◆ **PROBLEM REQUIREMENTS**: Identify, in the records below, every line where the string "inter" appears, and copy each such line.

==============================

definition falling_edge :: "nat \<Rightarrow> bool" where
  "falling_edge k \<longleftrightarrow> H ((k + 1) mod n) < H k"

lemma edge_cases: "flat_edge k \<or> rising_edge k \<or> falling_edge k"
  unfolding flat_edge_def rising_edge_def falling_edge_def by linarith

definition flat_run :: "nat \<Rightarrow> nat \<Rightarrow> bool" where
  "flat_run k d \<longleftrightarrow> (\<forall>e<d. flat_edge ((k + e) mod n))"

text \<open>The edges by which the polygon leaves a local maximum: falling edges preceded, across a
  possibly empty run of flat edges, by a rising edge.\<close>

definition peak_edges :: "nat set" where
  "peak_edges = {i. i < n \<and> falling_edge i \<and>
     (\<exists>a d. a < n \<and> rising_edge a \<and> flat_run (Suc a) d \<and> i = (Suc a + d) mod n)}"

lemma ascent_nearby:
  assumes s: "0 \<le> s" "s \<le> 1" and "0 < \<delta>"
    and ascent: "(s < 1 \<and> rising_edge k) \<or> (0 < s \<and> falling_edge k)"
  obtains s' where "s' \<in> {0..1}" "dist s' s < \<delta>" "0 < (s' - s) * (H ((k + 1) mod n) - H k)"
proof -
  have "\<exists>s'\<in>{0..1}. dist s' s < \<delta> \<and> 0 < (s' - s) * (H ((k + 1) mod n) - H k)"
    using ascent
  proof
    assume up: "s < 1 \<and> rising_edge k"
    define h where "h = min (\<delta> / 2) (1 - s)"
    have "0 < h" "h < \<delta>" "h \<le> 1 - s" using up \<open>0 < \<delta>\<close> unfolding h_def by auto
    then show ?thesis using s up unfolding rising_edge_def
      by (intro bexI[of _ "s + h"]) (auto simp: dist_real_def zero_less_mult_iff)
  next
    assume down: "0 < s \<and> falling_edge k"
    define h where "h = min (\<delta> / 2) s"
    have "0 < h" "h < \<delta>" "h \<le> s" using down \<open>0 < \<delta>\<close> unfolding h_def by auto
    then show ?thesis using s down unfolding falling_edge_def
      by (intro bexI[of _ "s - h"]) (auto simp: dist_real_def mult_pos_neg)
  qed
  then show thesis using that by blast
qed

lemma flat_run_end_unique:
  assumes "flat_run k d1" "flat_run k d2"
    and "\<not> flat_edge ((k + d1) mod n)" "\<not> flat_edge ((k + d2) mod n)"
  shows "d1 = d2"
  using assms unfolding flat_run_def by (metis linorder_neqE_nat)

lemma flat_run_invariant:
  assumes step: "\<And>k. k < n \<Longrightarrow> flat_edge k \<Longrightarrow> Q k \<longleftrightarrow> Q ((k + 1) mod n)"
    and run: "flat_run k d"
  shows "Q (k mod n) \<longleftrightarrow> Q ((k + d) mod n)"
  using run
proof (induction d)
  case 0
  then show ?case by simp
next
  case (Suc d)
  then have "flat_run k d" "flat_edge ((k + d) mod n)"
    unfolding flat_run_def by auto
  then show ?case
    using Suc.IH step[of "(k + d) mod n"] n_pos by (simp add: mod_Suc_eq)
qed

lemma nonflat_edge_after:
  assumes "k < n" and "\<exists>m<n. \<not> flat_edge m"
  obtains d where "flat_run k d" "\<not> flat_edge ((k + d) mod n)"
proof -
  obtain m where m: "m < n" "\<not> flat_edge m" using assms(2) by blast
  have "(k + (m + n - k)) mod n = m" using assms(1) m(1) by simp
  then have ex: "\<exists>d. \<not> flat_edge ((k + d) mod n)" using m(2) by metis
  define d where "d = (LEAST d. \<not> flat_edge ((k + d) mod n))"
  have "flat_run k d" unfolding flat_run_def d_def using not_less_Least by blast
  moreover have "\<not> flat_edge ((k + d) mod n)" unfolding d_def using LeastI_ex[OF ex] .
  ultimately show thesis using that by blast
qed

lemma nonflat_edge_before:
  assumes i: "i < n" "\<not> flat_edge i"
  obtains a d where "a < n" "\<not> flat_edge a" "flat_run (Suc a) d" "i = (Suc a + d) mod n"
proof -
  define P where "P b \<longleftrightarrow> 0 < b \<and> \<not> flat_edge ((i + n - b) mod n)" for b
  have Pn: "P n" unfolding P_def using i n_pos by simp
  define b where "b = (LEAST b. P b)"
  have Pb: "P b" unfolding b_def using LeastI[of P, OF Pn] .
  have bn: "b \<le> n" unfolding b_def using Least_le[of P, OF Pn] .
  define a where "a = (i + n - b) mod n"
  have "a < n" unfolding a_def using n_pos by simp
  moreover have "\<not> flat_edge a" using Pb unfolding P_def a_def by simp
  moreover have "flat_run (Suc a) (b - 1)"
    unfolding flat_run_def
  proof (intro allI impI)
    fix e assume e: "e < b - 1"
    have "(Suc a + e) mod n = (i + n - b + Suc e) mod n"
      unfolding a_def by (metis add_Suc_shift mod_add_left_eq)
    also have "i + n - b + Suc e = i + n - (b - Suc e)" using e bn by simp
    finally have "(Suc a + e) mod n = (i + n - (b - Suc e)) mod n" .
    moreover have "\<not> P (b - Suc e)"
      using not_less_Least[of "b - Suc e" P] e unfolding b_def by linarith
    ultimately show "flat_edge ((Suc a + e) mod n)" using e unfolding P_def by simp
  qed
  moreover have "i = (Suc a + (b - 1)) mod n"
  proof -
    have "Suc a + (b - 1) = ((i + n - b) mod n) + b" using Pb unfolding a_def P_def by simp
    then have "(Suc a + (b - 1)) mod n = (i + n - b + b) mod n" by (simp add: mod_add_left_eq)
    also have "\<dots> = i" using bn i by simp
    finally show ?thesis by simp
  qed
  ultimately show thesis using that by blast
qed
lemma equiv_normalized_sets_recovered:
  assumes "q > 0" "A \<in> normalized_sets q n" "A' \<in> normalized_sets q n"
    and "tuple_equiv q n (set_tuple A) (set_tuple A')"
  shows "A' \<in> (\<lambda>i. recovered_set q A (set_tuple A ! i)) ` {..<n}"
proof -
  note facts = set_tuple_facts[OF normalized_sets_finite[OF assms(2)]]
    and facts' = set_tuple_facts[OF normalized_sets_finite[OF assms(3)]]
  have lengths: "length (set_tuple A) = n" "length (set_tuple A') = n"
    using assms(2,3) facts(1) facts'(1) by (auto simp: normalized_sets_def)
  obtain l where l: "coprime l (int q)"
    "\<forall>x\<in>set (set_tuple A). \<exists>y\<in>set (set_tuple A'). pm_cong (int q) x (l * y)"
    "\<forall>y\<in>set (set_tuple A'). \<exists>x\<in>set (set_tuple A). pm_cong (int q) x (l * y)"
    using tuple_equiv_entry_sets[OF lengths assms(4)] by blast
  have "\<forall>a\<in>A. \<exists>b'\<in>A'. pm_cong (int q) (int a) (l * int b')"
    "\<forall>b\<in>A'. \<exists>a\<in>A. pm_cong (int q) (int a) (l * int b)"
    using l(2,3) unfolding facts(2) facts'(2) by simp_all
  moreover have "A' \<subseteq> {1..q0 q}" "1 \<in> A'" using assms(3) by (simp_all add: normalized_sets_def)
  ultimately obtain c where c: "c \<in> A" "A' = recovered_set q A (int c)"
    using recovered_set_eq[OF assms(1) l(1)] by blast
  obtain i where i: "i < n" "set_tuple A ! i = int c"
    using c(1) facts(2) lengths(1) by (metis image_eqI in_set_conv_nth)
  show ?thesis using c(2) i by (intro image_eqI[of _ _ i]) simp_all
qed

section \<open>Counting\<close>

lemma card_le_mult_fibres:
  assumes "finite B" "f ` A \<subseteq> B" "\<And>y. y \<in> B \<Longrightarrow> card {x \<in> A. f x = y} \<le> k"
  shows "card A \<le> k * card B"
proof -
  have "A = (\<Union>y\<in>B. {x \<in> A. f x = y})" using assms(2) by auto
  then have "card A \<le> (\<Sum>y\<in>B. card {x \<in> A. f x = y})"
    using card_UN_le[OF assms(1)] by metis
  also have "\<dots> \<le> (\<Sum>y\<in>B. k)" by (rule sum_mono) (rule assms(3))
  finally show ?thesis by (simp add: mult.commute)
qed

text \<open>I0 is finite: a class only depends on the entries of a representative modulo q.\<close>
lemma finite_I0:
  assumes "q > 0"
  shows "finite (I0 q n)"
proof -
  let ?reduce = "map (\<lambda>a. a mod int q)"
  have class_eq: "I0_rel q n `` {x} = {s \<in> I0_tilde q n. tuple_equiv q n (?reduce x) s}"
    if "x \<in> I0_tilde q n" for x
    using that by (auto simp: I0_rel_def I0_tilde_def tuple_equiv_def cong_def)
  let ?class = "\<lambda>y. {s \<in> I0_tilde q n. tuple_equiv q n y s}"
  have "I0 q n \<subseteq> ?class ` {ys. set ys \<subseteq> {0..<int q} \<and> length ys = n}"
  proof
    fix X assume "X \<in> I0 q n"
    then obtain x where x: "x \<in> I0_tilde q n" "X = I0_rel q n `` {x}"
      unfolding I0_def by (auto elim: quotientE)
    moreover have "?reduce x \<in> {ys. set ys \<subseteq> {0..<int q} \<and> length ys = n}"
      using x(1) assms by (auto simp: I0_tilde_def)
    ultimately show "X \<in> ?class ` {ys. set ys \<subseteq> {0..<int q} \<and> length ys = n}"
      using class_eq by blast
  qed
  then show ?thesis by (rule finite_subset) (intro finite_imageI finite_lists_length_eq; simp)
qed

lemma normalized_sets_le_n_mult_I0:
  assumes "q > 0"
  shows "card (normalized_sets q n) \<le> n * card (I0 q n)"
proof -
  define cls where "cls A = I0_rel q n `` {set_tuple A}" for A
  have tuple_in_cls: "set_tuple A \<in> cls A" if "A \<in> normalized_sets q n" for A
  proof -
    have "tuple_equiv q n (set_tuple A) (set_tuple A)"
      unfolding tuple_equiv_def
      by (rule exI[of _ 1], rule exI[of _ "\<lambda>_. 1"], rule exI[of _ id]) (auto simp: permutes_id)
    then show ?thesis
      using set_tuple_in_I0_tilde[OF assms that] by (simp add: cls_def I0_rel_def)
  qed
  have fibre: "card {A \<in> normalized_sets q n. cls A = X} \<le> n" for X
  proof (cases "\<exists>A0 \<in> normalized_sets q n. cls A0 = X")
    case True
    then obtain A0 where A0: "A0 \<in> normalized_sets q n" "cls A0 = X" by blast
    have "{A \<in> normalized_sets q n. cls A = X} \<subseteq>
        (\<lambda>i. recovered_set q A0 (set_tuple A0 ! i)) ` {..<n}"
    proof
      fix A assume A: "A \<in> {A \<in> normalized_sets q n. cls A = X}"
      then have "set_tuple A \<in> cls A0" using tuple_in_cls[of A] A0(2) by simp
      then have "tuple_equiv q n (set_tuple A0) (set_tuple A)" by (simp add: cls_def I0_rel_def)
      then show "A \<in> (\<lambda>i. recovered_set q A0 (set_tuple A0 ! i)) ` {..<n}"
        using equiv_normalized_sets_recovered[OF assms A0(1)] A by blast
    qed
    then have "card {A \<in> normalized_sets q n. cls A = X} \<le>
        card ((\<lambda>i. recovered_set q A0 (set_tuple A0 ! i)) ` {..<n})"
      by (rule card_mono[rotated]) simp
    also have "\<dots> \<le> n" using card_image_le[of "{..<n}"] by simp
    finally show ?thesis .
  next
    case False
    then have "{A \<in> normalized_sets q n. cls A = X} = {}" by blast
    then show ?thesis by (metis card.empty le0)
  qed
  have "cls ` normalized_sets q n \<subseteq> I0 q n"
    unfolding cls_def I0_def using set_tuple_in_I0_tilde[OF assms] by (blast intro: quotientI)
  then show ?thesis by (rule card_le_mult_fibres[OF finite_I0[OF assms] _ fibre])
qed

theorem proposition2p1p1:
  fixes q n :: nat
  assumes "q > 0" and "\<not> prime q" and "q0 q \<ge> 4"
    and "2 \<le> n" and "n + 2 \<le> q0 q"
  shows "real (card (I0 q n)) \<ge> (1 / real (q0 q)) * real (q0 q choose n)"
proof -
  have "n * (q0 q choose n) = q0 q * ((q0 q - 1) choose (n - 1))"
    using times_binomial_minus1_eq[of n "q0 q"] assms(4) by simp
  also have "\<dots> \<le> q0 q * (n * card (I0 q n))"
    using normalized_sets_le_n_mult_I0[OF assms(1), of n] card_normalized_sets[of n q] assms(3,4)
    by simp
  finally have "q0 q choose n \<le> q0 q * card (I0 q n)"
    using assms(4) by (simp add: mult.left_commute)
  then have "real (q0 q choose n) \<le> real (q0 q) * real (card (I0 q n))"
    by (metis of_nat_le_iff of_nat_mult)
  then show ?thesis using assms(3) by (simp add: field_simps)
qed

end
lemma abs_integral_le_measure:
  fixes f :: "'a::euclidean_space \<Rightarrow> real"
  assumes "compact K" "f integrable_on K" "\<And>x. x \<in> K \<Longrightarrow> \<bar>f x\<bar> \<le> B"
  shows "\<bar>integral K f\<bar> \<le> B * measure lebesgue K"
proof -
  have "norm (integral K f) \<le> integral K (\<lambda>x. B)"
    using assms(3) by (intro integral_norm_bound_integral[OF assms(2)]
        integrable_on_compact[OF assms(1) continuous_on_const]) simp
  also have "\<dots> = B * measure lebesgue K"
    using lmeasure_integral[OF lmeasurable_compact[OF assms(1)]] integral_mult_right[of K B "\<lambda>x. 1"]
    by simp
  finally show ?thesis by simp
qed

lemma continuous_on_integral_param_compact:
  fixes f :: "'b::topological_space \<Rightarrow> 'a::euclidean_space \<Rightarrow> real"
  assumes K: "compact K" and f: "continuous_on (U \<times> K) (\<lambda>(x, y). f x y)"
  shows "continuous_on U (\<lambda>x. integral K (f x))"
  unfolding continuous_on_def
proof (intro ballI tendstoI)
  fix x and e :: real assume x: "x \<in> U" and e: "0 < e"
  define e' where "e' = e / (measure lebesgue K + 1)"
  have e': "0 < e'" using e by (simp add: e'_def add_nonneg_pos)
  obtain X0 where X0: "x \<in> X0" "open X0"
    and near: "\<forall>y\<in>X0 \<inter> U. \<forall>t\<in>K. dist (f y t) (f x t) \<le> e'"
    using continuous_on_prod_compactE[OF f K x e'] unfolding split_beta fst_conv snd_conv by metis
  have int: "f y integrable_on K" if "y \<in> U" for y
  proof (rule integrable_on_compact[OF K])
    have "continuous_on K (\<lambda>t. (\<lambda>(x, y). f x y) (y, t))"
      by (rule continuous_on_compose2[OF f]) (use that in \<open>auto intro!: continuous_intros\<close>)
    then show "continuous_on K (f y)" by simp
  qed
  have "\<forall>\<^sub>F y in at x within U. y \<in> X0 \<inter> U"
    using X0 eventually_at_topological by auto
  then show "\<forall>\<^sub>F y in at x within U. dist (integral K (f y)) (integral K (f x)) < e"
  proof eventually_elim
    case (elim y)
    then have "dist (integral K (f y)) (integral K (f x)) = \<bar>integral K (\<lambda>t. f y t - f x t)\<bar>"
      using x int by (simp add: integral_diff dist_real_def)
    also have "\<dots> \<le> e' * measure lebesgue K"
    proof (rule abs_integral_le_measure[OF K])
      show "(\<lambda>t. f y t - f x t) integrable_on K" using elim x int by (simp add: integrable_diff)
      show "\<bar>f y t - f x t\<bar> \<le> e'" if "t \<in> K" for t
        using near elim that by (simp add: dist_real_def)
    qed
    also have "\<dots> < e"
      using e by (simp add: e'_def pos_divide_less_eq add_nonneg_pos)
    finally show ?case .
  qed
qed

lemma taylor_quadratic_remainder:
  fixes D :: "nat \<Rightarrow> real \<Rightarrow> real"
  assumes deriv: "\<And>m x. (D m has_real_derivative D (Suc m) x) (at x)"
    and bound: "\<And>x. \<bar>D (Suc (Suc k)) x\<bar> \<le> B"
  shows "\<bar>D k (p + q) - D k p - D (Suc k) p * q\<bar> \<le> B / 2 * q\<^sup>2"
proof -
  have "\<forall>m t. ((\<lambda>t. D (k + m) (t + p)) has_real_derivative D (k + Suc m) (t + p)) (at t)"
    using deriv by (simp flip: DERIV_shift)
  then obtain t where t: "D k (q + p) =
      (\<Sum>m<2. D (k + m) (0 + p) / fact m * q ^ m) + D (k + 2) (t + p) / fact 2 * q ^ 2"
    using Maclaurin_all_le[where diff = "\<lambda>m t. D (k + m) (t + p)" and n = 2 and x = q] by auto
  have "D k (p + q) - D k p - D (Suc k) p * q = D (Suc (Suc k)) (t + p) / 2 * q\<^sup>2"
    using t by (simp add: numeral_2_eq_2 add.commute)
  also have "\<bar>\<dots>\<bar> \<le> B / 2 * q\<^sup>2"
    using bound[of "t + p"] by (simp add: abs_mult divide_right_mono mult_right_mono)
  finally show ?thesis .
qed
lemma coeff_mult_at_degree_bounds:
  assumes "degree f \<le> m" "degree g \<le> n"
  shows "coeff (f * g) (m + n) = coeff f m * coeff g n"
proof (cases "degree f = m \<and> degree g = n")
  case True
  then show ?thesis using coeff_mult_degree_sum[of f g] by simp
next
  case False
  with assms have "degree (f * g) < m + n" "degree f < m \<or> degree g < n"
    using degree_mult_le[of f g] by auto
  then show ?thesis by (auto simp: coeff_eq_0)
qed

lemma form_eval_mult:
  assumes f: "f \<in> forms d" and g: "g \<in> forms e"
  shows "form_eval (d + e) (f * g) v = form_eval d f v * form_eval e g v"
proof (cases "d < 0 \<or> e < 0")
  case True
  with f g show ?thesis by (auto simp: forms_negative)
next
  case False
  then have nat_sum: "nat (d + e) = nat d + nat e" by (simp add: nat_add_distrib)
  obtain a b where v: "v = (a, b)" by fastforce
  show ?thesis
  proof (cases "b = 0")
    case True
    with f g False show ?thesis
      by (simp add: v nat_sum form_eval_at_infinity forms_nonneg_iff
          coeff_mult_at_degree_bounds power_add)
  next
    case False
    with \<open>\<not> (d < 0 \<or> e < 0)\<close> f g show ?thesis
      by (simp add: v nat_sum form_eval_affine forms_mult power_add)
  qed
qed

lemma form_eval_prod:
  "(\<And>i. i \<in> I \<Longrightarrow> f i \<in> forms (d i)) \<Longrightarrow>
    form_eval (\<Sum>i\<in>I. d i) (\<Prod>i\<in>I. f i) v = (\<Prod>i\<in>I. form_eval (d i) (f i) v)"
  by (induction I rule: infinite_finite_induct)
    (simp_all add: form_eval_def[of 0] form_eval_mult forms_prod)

==============================

◆ **EXERCISE ANSWER**:
    and near: "\<forall>y\<in>X0 \<inter> U. \<forall>t\<in>K. dist (f y t) (f x t) \<le> e'"
  have "\<forall>\<^sub>F y in at x within U. y \<in> X0 \<inter> U"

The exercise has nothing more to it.